Вот каким способом, Сократ, – заключила она, – приобщается к бессмертию смертное – и телесно и во всем остальном. Другого способа нет. Не удивляйся же, что каждое живое существо по природе своей заботится о своем потомстве. Бессмертия ради сопутствует всему на свете рачительная эта любовь" (207с-208b).

Разумеется, можно при созерцании так прекрасно нарисованной Платоном картины "эротической" стихии поникнуть от умиления головой и проглотить эту изысканную пищу, не разжевавши ее, – ничего не поделаешь: задача философского критика более скучна и рационалистична. Он не умиляется, а понимает, и не глотает, но анализирует. И вот возникает вопрос: каково философское значение всей этой платоновской концепции Эроса? Что кроется под этими чисто мифологическими образами Пороса, Пении, Эроса, рождения и т.д.? И все ли тут действительно философично? Не следует ли многое оставить на долю поэтического вдохновения, которое тоже ведь есть нечто ценное и, может быть, даже более ценное, чем философия, но все-таки не есть сама философия?

Выискивая философские скрепы мифологической концепции Эроса и анализируя зарытые здесь в глубине художественного изображения философские мысли, мы могли бы рассуждать следующим образом.

Во-первых, центральной для "Пира" является проблема средины. Мы встречаемся с нею позже в других творениях Платона, в "Теэтете" и "Меноне", хотя там и нет такого термина. Именно – "правильное мнение" есть нечто среднее между "знанием" и чувственностью. О нем мы находим в "Пире" не только упоминание (202а), но проблема Эроса толкуется тут прямо как та же самая проблема правильного мнения. Здесь даже не просто "знание", "мнение" и "докса", но то, что мы могли бы назвать " чувством", "эмоцией" и т.д. Правда, с другой стороны, и в прочих диалогах Платона, а прежде всего в "Теэтете" и "Меноне", "знание" нельзя было понимать просто как кантовский "рассудок". Платону всегда предносилось тут нечто гораздо более полное, более интересное, созерцательное, даже эмоциональное. Однако не будем сейчас входить в эти детали, требующие огромного терминологического исследования. Скажем только одно: как бы ни отличалось "знание" платоновских "Менона" и "Теэтета" от "мудрости" "Пира", а "докса" этих диалогов от "неведения" "Пира", все равно в "Пире" стоит та же проблема связи знания и чувственности, что и в упомянутых двух диалогах. Только тут она закреплена терминологически как проблема средины. Итак, об Эросе как таковом можно и не говорить, поскольку и сам Платон не ставит вопроса о различии "знания" и "чувства" (в смысле "эмоции"). Все, что мы находим нового в этом смысле в "Пире", можно свободно отнести на долю нефилософского, чисто художественного изображения у Платона.

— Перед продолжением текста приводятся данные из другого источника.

text \<open>A node ps is under a node p iff ps occurs in psubfs p (for some occurrence of p).\<close>
definition normal_form :: "'a ltl \<Rightarrow> bool" where
  "normal_form \<phi> \<longleftrightarrow>
     (\<forall>p\<in>subfs \<phi>. is_wuntil p \<longrightarrow> (\<forall>q\<in>psubfs p. \<not> is_until q)) \<and>
     (\<forall>p\<in>subfs \<phi>. is_temporal p \<longrightarrow> (\<forall>q\<in>psubfs p. \<not> is_limit q)) \<and>
     (\<forall>p\<in>subfs \<phi>. is_GF p \<longrightarrow> (\<forall>q\<in>psubfs p. \<not> is_wuntil q)) \<and>
     (\<forall>p\<in>subfs \<phi>. is_FG p \<longrightarrow> (\<forall>q\<in>psubfs p. \<not> is_until q))"

definition limit_free :: "'a ltl \<Rightarrow> bool" where
  "limit_free \<phi> \<longleftrightarrow> (\<forall>p\<in>subfs \<phi>. \<not> is_limit p)"

end

theory Submission
  imports Defs
begin

(*
  A guarded case (cs, \<psi>) is a list cs of guards together with a formula \<psi>. A list of cases
  decomposes \<phi> if on every word each case whose guards hold has \<psi> eventually implying \<phi>, and
  some such case has \<phi> eventually implying \<psi>; then GF \<phi> (resp. FG \<phi>) is equivalent to the
  disjunction of the conjunctions  cs \<and> GF \<psi>  (resp. cs \<and> FG \<psi>).

  For GF, a node \<phi>1 W \<phi>2 is split on FG \<phi>1: if it holds,
  the node is eventually true, otherwise it may be replaced by \<phi>1 U \<phi>2. For FG, a node
  \<phi>1 U \<phi>2 is split on GF \<phi>2: if it holds, the node may be replaced by \<phi>1 W \<phi>2, otherwise it
  is eventually false. The case formulas are thus W-free for GF and U-free for FG, so that
  GF \<psi> resp. FG \<psi> is in normal form. Within a case, the guard FG \<phi>1 (resp. GF \<phi>2) may be
  replaced by FG \<psi>1 (resp. GF \<psi>2) for the case formula \<psi>i of \<phi>i; decomposing that once more,
  with the roles of GF and FG exchanged, gives a normal form whose own guards are GF resp. FG
  of subformulas of the W-free (resp. U-free) \<psi>i, hence again in normal form.

  With t nodes of type U or W and n = |\<phi>| there are at most 2^t cases, each of size at most
  2^t (n^2 + 1); as 2t < n this stays below 3^n n.
*)

section \<open>Eventual implication along a word\<close>

lemma suffix_suffix [simp]: "suffix k (suffix j w) = suffix (j + k) w"
  by (simp add: suffix_def ac_simps)

lemma sat_GF_frequently: "sat w (GF \<phi>) \<longleftrightarrow> (\<exists>\<^sub>F k in sequentially. sat (suffix k w) \<phi>)"
  by (simp add: frequently_cofinite flip: cofinite_eq_sequentially)

lemma sat_FG_eventually: "sat w (FG \<phi>) \<longleftrightarrow> (\<forall>\<^sub>F k in sequentially. sat (suffix k w) \<phi>)"
  by (simp add: eventually_sequentially)

definition ev_imp :: "'a word \<Rightarrow> 'a ltl \<Rightarrow> 'a ltl \<Rightarrow> bool" where
  "ev_imp w \<phi> \<psi> \<longleftrightarrow> (\<forall>\<^sub>F k in sequentially. sat (suffix k w) \<phi> \<longrightarrow> sat (suffix k w) \<psi>)"

lemma ev_imp_refl: "ev_imp w \<phi> \<phi>"
  by (simp add: ev_imp_def)

lemma ev_imp_trans: "ev_imp w \<phi> \<psi> \<Longrightarrow> ev_imp w \<psi> \<chi> \<Longrightarrow> ev_imp w \<phi> \<chi>"
  unfolding ev_imp_def by (erule (1) eventually_elim2) auto

lemma ev_imp_LFalse: "ev_imp w LFalse \<phi>"
  by (simp add: ev_imp_def)

lemma ev_imp_LTrue: "ev_imp w \<phi> LTrue"
  by (simp add: ev_imp_def)

lemma ev_imp_Next: "ev_imp w \<phi> \<psi> \<Longrightarrow> ev_imp w (Next \<phi>) (Next \<psi>)"
  unfolding ev_imp_def by (subst (asm) eventually_sequentially_Suc[symmetric]) simp

lemma ev_imp_And: "ev_imp w \<phi> \<phi>' \<Longrightarrow> ev_imp w \<psi> \<psi>' \<Longrightarrow> ev_imp w (And \<phi> \<psi>) (And \<phi>' \<psi>')"
  unfolding ev_imp_def by (erule (1) eventually_elim2) auto

lemma ev_imp_Or: "ev_imp w \<phi> \<phi>' \<Longrightarrow> ev_imp w \<psi> \<psi>' \<Longrightarrow> ev_imp w (Or \<phi> \<psi>) (Or \<phi>' \<psi>')"
  unfolding ev_imp_def by (erule (1) eventually_elim2) auto

lemma ev_imp_until_mono:
  assumes "ev_imp w \<phi> \<phi>'" "ev_imp w \<psi> \<psi>'"
  shows "ev_imp w (Until \<phi> \<psi>) (Until \<phi>' \<psi>')" "ev_imp w (WUntil \<phi> \<psi>) (WUntil \<phi>' \<psi>')"
proof -
  from assms obtain N where N: "\<And>k. k \<ge> N \<Longrightarrow>
      (sat (suffix k w) \<phi> \<longrightarrow> sat (suffix k w) \<phi>') \<and> (sat (suffix k w) \<psi> \<longrightarrow> sat (suffix k w) \<psi>')"
    using eventually_conj[OF assms[unfolded ev_imp_def]] unfolding eventually_sequentially by blast
  show "ev_imp w (Until \<phi> \<psi>) (Until \<phi>' \<psi>')"
    unfolding ev_imp_def eventually_sequentially
  proof (intro exI[of _ N] allI impI)
    fix k assume "N \<le> k" "sat (suffix k w) (Until \<phi> \<psi>)"
    then show "sat (suffix k w) (Until \<phi>' \<psi>')"
      using N[of "k + _"] by auto
  qed
  show "ev_imp w (WUntil \<phi> \<psi>) (WUntil \<phi>' \<psi>')"
    unfolding ev_imp_def eventually_sequentially
  proof (intro exI[of _ N] allI impI)
    fix k assume "N \<le> k" "sat (suffix k w) (WUntil \<phi> \<psi>)"
    then show "sat (suffix k w) (WUntil \<phi>' \<psi>')"
      using N[of "k + _"] by auto
  qed
qed
lemma bij_diagram_of: "bij_betw diagram_of (Ptns \<times> UNIV) (Collect maya)"
proof (rule bij_betw_imageI)
  show "inj_on diagram_of (Ptns \<times> UNIV)"
  proof (rule inj_onI)
    fix x y assume x: "x \<in> Ptns \<times> UNIV" and y: "y \<in> Ptns \<times> UNIV"
      and eq: "diagram_of x = diagram_of y"
    then have "snd x = snd y" using diagram_of_charge_energy(1) by metis
    then have "parts (fst x) = parts (fst y)"
      using diagram_inj[OF parts_partition_list parts_partition_list] x y eq
      unfolding diagram_of_def by auto
    then show "x = y" using \<open>snd x = snd y\<close> mset_parts by (metis prod_eq_iff)
  qed
  show "diagram_of ` (Ptns \<times> UNIV) = Collect maya"
  proof
    show "diagram_of ` (Ptns \<times> UNIV) \<subseteq> Collect maya"
      using diagram_props[OF parts_partition_list] unfolding diagram_of_def by auto
    show "Collect maya \<subseteq> diagram_of ` (Ptns \<times> UNIV)"
    proof
      fix M assume "M \<in> Collect maya"
      then obtain ps where ps: "partition_list ps" "M = diagram (charge M) ps"
        using diagram_surj by blast
      then have "M = diagram_of (mset ps, charge M)" "mset ps \<in> Ptns"
        unfolding diagram_of_def using parts_mset[OF ps(1)]
        by (auto simp: Ptns_def partition_list_def)
      then show "M \<in> diagram_of ` (Ptns \<times> UNIV)" by blast
    qed
  qed
qed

Во-вторых, само собою возникает теперь вопрос: какое же отличие "средины" "Пира" от "средины" "Теэтета" и "Менона"? Что тут нового, если эта "средина", только под другой терминологией, была поставлена уже и раньше. Вот тут-то начинается подлинная новизна "Пира". О "Теэтете" не будем говорить, ибо то, что недифференцированно было поставлено в нем, поставлено вполне раздельно и четко в "Меноне". Итак, какая разница между "срединой" "Пира" и "Менона"? Какая разница между "истинным мнением" "Пира" и "Менона"? В "Меноне" излагается учение о категориальном связывании алогической чувственности формами "знания" (или, если хотите, "рассудка"). "Рассуждение о причине" "связывало" чувственность, накладывало "узы" на разбегающуюся доксическую сферу. В результате получалось "правильное мнение". Что же в "Пире"? Каков синтез "Пира"? Какова "средина" "эротического" "Пира"? Все дело заключается в том, что в "Пире" обе синтезируемые сферы даны как одна, единая и неделимая сфера, в которой уже нельзя различить ни того, ни другого, и эта сфера есть сфера всецело становящаяся. Вот тот синтез, которого не знает ни "Теэтет", ни "Менон". Знание так близко объединяется с чувственностью, что получается полное их тождество. От Пороса и Пении рождается Эрос, который уже не есть ни Порос, ни Пения, но то, в чем оба они отождествились. Бессмертное и смертное, вечное и временное, идеальное богатство и реальная скудость, знание и чувственность, красота и безобразие объединились тут в одну цельную жизнь, в одно совокупное порождение, в один самостоятельный результат, в одно становящееся тождество. Только тут трансцендентальный метод впервые достигает своей зрелости; и смысл, который он призван объединить с действительностью, только тут впервые становится динамическим смыслом, творческой динамикой, активной суммой бесконечно малых приращений.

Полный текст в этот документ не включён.